Death of a Monk
- First English edition cover
- Author: Alon Hilu
- Translator: Evan Fallenberg
- Language: Hebrew
- Publisher: חרגול
- Publication date: January 1, 2004

= Death of a Monk =

2004 novel by Alon Hilu

Death of a Monk is a novel by Israeli writer Alon Hilu, published in 2004. An English edition translated by Evan Fallenberg in 2006. The novel is based on the blood libel against the Jews in Damascus, Syria in 1840.

The novel is based around the historical incident known as the Damascus affair, offers a different interpretation, and has caused astonishment among historians by adding a homosexual interpretation for the historical events.

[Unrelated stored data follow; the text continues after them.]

lemma queues_notified_subset:
  "pend (notified t v) x \<subseteq> pend (state t v) x \<union> changed (Suc t) v"
  "echo (notified t v) x \<subseteq> echo (state t v) x"
  by (auto simp: notified_def notify_def)

lemma queues_state_below: "pend (state t v) x \<subseteq> {..<n} \<and> echo (state t v) x \<subseteq> {..<n}"
proof (induction t arbitrary: v x)
  case 0
  show ?case by (simp add: state_0 initial_state_def)
next
  case (Suc t)
  have "pend (notified t v) x \<subseteq> {..<n}" "echo (notified t v) x \<subseteq> {..<n}"
    using queues_notified_subset Suc.IH changed_below by blast+
  moreover have "y < n" if "fst (decode_msg n m) = Some (y, b)" for m y b
    using fst_decode_msg_below[of n m] that by (simp add: item_below_def)
  ultimately show ?case
    by (auto simp: state_Suc_decoded receive_def dequeue_def)
qed

lemma queues_notified_below: "pend (notified t v) x \<subseteq> {..<n}" "echo (notified t v) x \<subseteq> {..<n}"
  using queues_notified_subset queues_state_below changed_below by blast+

lemma finite_queues_notified: "finite (pend (notified t v) x)" "finite (echo (notified t v) x)"
  by (simp_all add: finite_subset[OF queues_notified_below(1)]
      finite_subset[OF queues_notified_below(2)])

lemma outgoing_below:
  "item_below n (fst (outgoing (notified t u) v))" "item_below n (snd (outgoing (notified t u) v))"
  using queues_notified_below
    head_in[OF finite_queues_notified(1)] head_in[OF finite_queues_notified(2)]
  by (fastforce simp: outgoing_def report_def item_below_def)+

The novel was one of the five finalists of the prestigious Sapir Award in Israel (2005), and was awarded the Presidential Prize for Literature (Israel, 2006). Death of a Monk was written at first in Hebrew and had been translated into English (Harvill Secker, London) and other European languages.

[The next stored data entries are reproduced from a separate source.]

(* Let $G$ be a finite group with identity $e$, $R[G]$ its real group algebra, and $S=\{x\in R[G]: \sum_g x_g=1,\ x_g\ge0\ \forall g\}$. Let $(p^{[n]}(t))_{n\in\mathbb N}$, $p^{[n]}(t)=\sum_{k=0}^\infty a_k^{[n]}t^k$, be any sequence of real power series with $\sum_{k=0}^\infty|a_k^{[n]}|<\infty$ for every $n$ and $\lim_{n\to\infty}\sup_{k\ge1}|a_k^{[n]}|=0$. Let $x\in S$ with $n_{xc_x}=n_x$. (1) If $c_x\neq e$, then $\lim_{n\to\infty}p^{[n]}(x)$ exists if and only if $\lim_{n\to\infty}a_0^{[n]}$ exists and $\lim_{n\to\infty}\sum_{k=0}^\infty a^{[n]}_{km_x+r}$ exists for every $0\le r<m_x$. (2) If $c_x=e$, then $\lim_{n\to\infty}p^{[n]}(x)$ exists if and only if $\lim_{n\to\infty}\sum_{k=0}^\infty a^{[n]}_{km_x+r}$ exists for every $0\le r<m_x$. When the limit exists, $$\lim_{n\to\infty}p^{[n]}(x)=c_x\sum_{r=0}^{m_x-1}x^r\lim_{n\to\infty}\sum_{k=0}^\infty a^{[n]}_{km_x+r}+(e-c_x)\lim_{n\to\infty}a_0^{[n]}.$$
   Context: Here $(p^{[n]})$ is an arbitrary sequence (not necessarily iterates). For $y\in S$, $p^{[n]}(y)=a_0^{[n]}e+\sum_{k\ge1}a_k^{[n]}y^k$ (convergent). $\mathrm{Supp}(y)=\{g: y_g\ne0\}$, $\mathbb N=\{1,2,\dots\}$, Euclidean topology on $R[G]$. For $y\in S$: $n_y=\min\{k\in\mathbb N:(y^k)_e\ne0\}$; $G_y$ is the subgroup generated by $\mathrm{Supp}(y^{n_y})$; $c_y=\frac1{|G_y|}\sum_{g\in G_y}g$; $m_y=\min\{k\in\mathbb N: \mathrm{Supp}(y^k)\subset G_y\}$. Note $xc_x\in S$, so $n_{xc_x}$ is defined. *)

theory Defs
  imports "HOL-Analysis.Analysis"
begin

text \<open>Real group algebra R[G] of a finite group G (written additively, identity 0),
  elements are functions G \<Rightarrow> real; the topology is the product topology
  (Function_Topology), which is the Euclidean topology since G is finite.\<close>

definition ga_unit :: "'g::{group_add,finite} \<Rightarrow> real" where
  "ga_unit = (\<lambda>h. if h = 0 then 1 else 0)"

definition ga_mult :: "('g::{group_add,finite} \<Rightarrow> real) \<Rightarrow> ('g \<Rightarrow> real) \<Rightarrow> ('g \<Rightarrow> real)" where
  "ga_mult x y = (\<lambda>h. \<Sum>g\<in>UNIV. x g * y (- g + h))"

primrec ga_pow :: "('g::{group_add,finite} \<Rightarrow> real) \<Rightarrow> nat \<Rightarrow> ('g \<Rightarrow> real)" where
  "ga_pow y 0 = ga_unit"
| "ga_pow y (Suc k) = ga_mult y (ga_pow y k)"

definition simplex_S :: "('g::{group_add,finite} \<Rightarrow> real) set" where
  "simplex_S = {x. (\<Sum>g\<in>UNIV. x g) = 1 \<and> (\<forall>g. x g \<ge> 0)}"

definition Supp :: "('g \<Rightarrow> real) \<Rightarrow> 'g set" where
  "Supp y = {g. y g \<noteq> 0}"

definition gen_subgroup :: "'g::group_add set \<Rightarrow> 'g set" where
  "gen_subgroup A = \<Inter>{H. A \<subseteq> H \<and> 0 \<in> H \<and> (\<forall>a\<in>H. \<forall>b\<in>H. a + b \<in> H) \<and> (\<forall>a\<in>H. - a \<in> H)}"

definition n_of :: "('g::{group_add,finite} \<Rightarrow> real) \<Rightarrow> nat" where
  "n_of y = (LEAST k. 1 \<le> k \<and> ga_pow y k 0 \<noteq> 0)"

definition G_of :: "('g::{group_add,finite} \<Rightarrow> real) \<Rightarrow> 'g set" where
  "G_of y = gen_subgroup (Supp (ga_pow y (n_of y)))"

definition c_of :: "('g::{group_add,finite} \<Rightarrow> real) \<Rightarrow> ('g \<Rightarrow> real)" where
  "c_of y = (\<lambda>h. if h \<in> G_of y then 1 / real (card (G_of y)) else 0)"

definition m_of :: "('g::{group_add,finite} \<Rightarrow> real) \<Rightarrow> nat" where
  "m_of y = (LEAST k. 1 \<le> k \<and> Supp (ga_pow y k) \<subseteq> G_of y)"

definition pser_eval :: "(nat \<Rightarrow> real) \<Rightarrow> ('g::{group_add,finite} \<Rightarrow> real) \<Rightarrow> ('g \<Rightarrow> real)" where
  "pser_eval a y = (\<lambda>h. a 0 * ga_unit h + (\<Sum>k. a (Suc k) * ga_pow y (Suc k) h))"

end

theory Submission
  imports Defs
begin

(*
  Write S = Supp x, n = n_x, K = G_x and c = c_x, the uniform distribution on K. Since 0 is in
  S^n, the supports of the powers of x^n increase to the subgroup K, so some w = x^(n N) has
  support exactly K. Then w dominates a positive multiple of c, and a Doeblin argument gives
  |w^j - c| <= rho^j with rho < 1; hence x^k = c x^(k mod n) + O(rho^(k div n N)).
  The hypothesis n_(x c) = n_x gives m_x = n_x and puts the sets S^r, r < n, into pairwise
  distinct cosets of K. Substituting into the series, p(x) is c sum_r x^r s_r + (e - c) a_0
  up to an error of at most sup_(k>=1) |a_k| times a constant, where s_r is the sum of the
  coefficients of index r mod m. Evaluating the main term on S^r isolates s_r, and comparing
  its values at 0 and at some k in K - {0} isolates a_0.
*)

section \<open>Convolution on the group algebra\<close>

lemma sum_UNIV_add_left:
  fixes f :: "'g::{group_add,finite} \<Rightarrow> 'b::comm_monoid_add"
  shows "(\<Sum>g\<in>UNIV. f (a + g)) = (\<Sum>g\<in>UNIV. f g)"
  by (rule sum.reindex_bij_witness[of _ "\<lambda>g. - a + g" "\<lambda>g. a + g"]) (auto simp: add.assoc[symmetric])

lemma sum_UNIV_minus_add:
  fixes f :: "'g::{group_add,finite} \<Rightarrow> 'b::comm_monoid_add"
  shows "(\<Sum>g\<in>UNIV. f (- g + h)) = (\<Sum>g\<in>UNIV. f g)"
  by (rule sum.reindex_bij_witness[of _ "\<lambda>g. h + - g" "\<lambda>g. - g + h"])
     (auto simp: add.assoc[symmetric] minus_add)

lemma ga_mult_altdef: "ga_mult x y h = (\<Sum>g\<in>UNIV. x (h + - g) * y g)"
  unfolding ga_mult_def
  by (rule sum.reindex_bij_witness[of _ "\<lambda>g. h + - g" "\<lambda>g. - g + h"])
     (auto simp: add.assoc[symmetric] minus_add)

lemma ga_mult_assoc: "ga_mult (ga_mult x y) z = ga_mult x (ga_mult y z)"
proof
  fix h
  have "ga_mult (ga_mult x y) z h = (\<Sum>g\<in>UNIV. \<Sum>a\<in>UNIV. x a * y (- a + g) * z (- g + h))"
    by (simp add: ga_mult_def sum_distrib_right)
  also have "\<dots> = (\<Sum>a\<in>UNIV. \<Sum>g\<in>UNIV. x a * y (- a + g) * z (- g + h))"
    by (rule sum.swap)
  also have "\<dots> = (\<Sum>a\<in>UNIV. \<Sum>b\<in>UNIV. x a * y (- a + (a + b)) * z (- (a + b) + h))"
    by (rule sum.cong[OF refl], rule sum_UNIV_add_left[symmetric])
  also have "\<dots> = (\<Sum>a\<in>UNIV. \<Sum>b\<in>UNIV. x a * (y b * z (- b + (- a + h))))"
    by (simp add: add.assoc[symmetric] minus_add mult.assoc)
  also have "\<dots> = ga_mult x (ga_mult y z) h"
    by (simp add: ga_mult_def sum_distrib_left)
  finally show "ga_mult (ga_mult x y) z h = ga_mult x (ga_mult y z) h" .
qed

lemma ga_mult_unit_left [simp]: "ga_mult ga_unit y = y"
proof
  fix h
  have "ga_mult ga_unit y h = (\<Sum>g\<in>UNIV. if g = 0 then y (- g + h) else 0)"
    unfolding ga_mult_def ga_unit_def by (rule sum.cong) auto
  then show "ga_mult ga_unit y h = y h" by simp
qed

lemma ga_mult_unit_right [simp]: "ga_mult y ga_unit = y"
proof
  fix h
  have "ga_mult y ga_unit h = (\<Sum>g\<in>UNIV. if g = 0 then y (h + - g) else 0)"
    unfolding ga_mult_altdef ga_unit_def by (rule sum.cong) auto
  then show "ga_mult y ga_unit h = y h" by simp
qed

lemma ga_mult_diff_left: "ga_mult (x - y) z = ga_mult x z - ga_mult y z"
  by (rule ext) (simp add: ga_mult_def left_diff_distrib sum_subtractf)

lemma ga_mult_sum_right:
  "ga_mult z (\<lambda>g. \<Sum>r\<in>A. f r g * t r) h = (\<Sum>r\<in>A. ga_mult z (f r) h * t r)"
proof -
  have "ga_mult z (\<lambda>g. \<Sum>r\<in>A. f r g * t r) h = (\<Sum>g\<in>UNIV. \<Sum>r\<in>A. z g * f r (- g + h) * t r)"
    by (simp add: ga_mult_def sum_distrib_left mult.assoc)
  also have "\<dots> = (\<Sum>r\<in>A. ga_mult z (f r) h * t r)"
    by (subst sum.swap) (simp add: ga_mult_def sum_distrib_right)
  finally show ?thesis .
qed

lemma ga_mult_lincomb:
  "ga_mult (\<lambda>g. p * f1 g + f2 g) (\<lambda>g. q * g1 g + g2 g) h =
     p * q * ga_mult f1 g1 h + p * ga_mult f1 g2 h + q * ga_mult f2 g1 h + ga_mult f2 g2 h"
  by (simp add: ga_mult_def algebra_simps sum.distrib sum_distrib_left)

lemma ga_pow_add: "ga_pow x (i + j) = ga_mult (ga_pow x i) (ga_pow x j)"
  by (induction i) (simp_all add: ga_mult_assoc)

lemma ga_pow_mult: "ga_pow x (i * j) = ga_pow (ga_pow x i) j"
  by (induction j) (simp_all add: ga_pow_add)

lemma sum_ga_mult: "(\<Sum>h\<in>UNIV. ga_mult x y h) = (\<Sum>g\<in>UNIV. x g) * (\<Sum>g\<in>UNIV. y g)"
proof -
  have "(\<Sum>h\<in>UNIV. ga_mult x y h) = (\<Sum>g\<in>UNIV. \<Sum>h\<in>UNIV. x g * y (- g + h))"
    unfolding ga_mult_def by (rule sum.swap)
  also have "\<dots> = (\<Sum>g\<in>UNIV. x g * (\<Sum>h\<in>UNIV. y h))"
    by (simp add: sum_distrib_left[symmetric] sum_UNIV_add_left)
  finally show ?thesis by (simp add: sum_distrib_right)
qed

lemma sum_ga_pow: "(\<Sum>h\<in>UNIV. ga_pow x k h) = (\<Sum>g\<in>UNIV. x g) ^ k"
  by (induction k) (simp_all add: sum_ga_mult ga_unit_def)

lemma ga_mult_nonneg: "(\<And>g. 0 \<le> x g) \<Longrightarrow> (\<And>g. 0 \<le> y g) \<Longrightarrow> 0 \<le> ga_mult x y h"
  by (simp add: ga_mult_def sum_nonneg)

lemma ga_pow_nonneg: "(\<And>g. 0 \<le> x g) \<Longrightarrow> 0 \<le> ga_pow x k h"
  by (induction k arbitrary: h) (simp_all add: ga_unit_def ga_mult_nonneg)

lemma simplex_S_nonneg: "x \<in> simplex_S \<Longrightarrow> 0 \<le> x g"
  by (simp add: simplex_S_def)

lemma simplex_S_le_1:
  assumes "x \<in> simplex_S" shows "x g \<le> 1"
proof -
  have "x g \<le> (\<Sum>g\<in>UNIV. x g)"
    using assms by (intro member_le_sum) (simp_all add: simplex_S_def)
  then show ?thesis using assms by (simp add: simplex_S_def)
qed

lemma ga_unit_simplex_S: "ga_unit \<in> simplex_S"
  by (simp add: simplex_S_def ga_unit_def)

lemma ga_mult_simplex_S: "x \<in> simplex_S \<Longrightarrow> y \<in> simplex_S \<Longrightarrow> ga_mult x y \<in> simplex_S"
  by (simp add: simplex_S_def sum_ga_mult ga_mult_nonneg)

lemma ga_pow_simplex_S: "x \<in> simplex_S \<Longrightarrow> ga_pow x k \<in> simplex_S"
  by (induction k) (simp_all add: ga_unit_simplex_S ga_mult_simplex_S)

lemma abs_ga_mult_simplex_S_le:
  assumes "\<And>g. \<bar>u g\<bar> \<le> B" and "z \<in> simplex_S"
  shows "\<bar>ga_mult u z h\<bar> \<le> B"
proof -
  have "\<bar>ga_mult u z h\<bar> \<le> (\<Sum>g\<in>UNIV. \<bar>u g\<bar> * z (- g + h))"
    unfolding ga_mult_def
    by (rule order_trans[OF sum_abs]) (simp add: abs_mult simplex_S_nonneg[OF assms(2)])
  also have "\<dots> \<le> (\<Sum>g\<in>UNIV. B * z (- g + h))"
    by (intro sum_mono mult_right_mono assms(1) simplex_S_nonneg[OF assms(2)])
  also have "\<dots> = B * (\<Sum>g\<in>UNIV. z (- g + h))"
    by (rule sum_distrib_left[symmetric])
  also have "\<dots> = B"
    using assms(2) by (simp add: sum_UNIV_minus_add simplex_S_def)
  finally show ?thesis .
qed

section \<open>Sumsets, supports and generated subgroups\<close>

primrec sumset_pow :: "'a::monoid_add set \<Rightarrow> nat \<Rightarrow> 'a set" where
  "sumset_pow A 0 = {0}"
| "sumset_pow A (Suc k) = A + sumset_pow A k"

lemma sumset_pow_add: "sumset_pow A (i + j) = sumset_pow A i + sumset_pow A j"
  by (induction i) (simp_all add: add.assoc flip: set_zero)

lemma sumset_pow_Suc2: "sumset_pow A (Suc k) = sumset_pow A k + A"
  using sumset_pow_add[of A k 1] by (simp flip: set_zero)

lemma sumset_pow_nonempty: "A \<noteq> {} \<Longrightarrow> sumset_pow A k \<noteq> {}"
  by (induction k) (auto simp: set_plus_def)

lemma sumset_pow_mono:
  assumes "0 \<in> A" shows "mono (sumset_pow A)"
proof (rule incseq_SucI)
  fix k
  have "{0} + sumset_pow A k \<subseteq> A + sumset_pow A k"
    using assms by (intro set_plus_mono2) auto
  then show "sumset_pow A k \<subseteq> sumset_pow A (Suc k)" by (simp flip: set_zero)
qed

The real historical events of "the Damascus Affair" are the disappearance of a monk on the eve of Passover in the Jewish quarter of Damascus. It led to blood libel against the Jews, putting some of them in jail while others were killed.

The novel Death of a Monk leads to certain inevitable outcomes - though not by expected means - and, in Hilu's imaginative re-telling, not everyone is who they seem to be. Hilu has taken a piece of history and cast it in another light.

Hilu vividly recreates the twisted alleyways of the old city of Damascus, its air scented with anisette, araq, coffee and lemon; he equally vividly reveals the hero's attraction to other men and his perpetual struggle to assert himself.

==Plot==

The plot occurs in Damascus, 1840. Aslan is a 15 years old religious, Jewish teen, one of the outwardly pampered sons of the Farhi family. Additionally, he is gay. Behind closed doors, he is abused and beaten by his siblings, mother and father; at school the other kids make fun of him, especially when he and Moussa, another delicate lad, are caught holding hands.

The outcome of this tender incident speaks volumes about the power of Aslan's father in the community: when this news gets out, Moussa simply vanishes.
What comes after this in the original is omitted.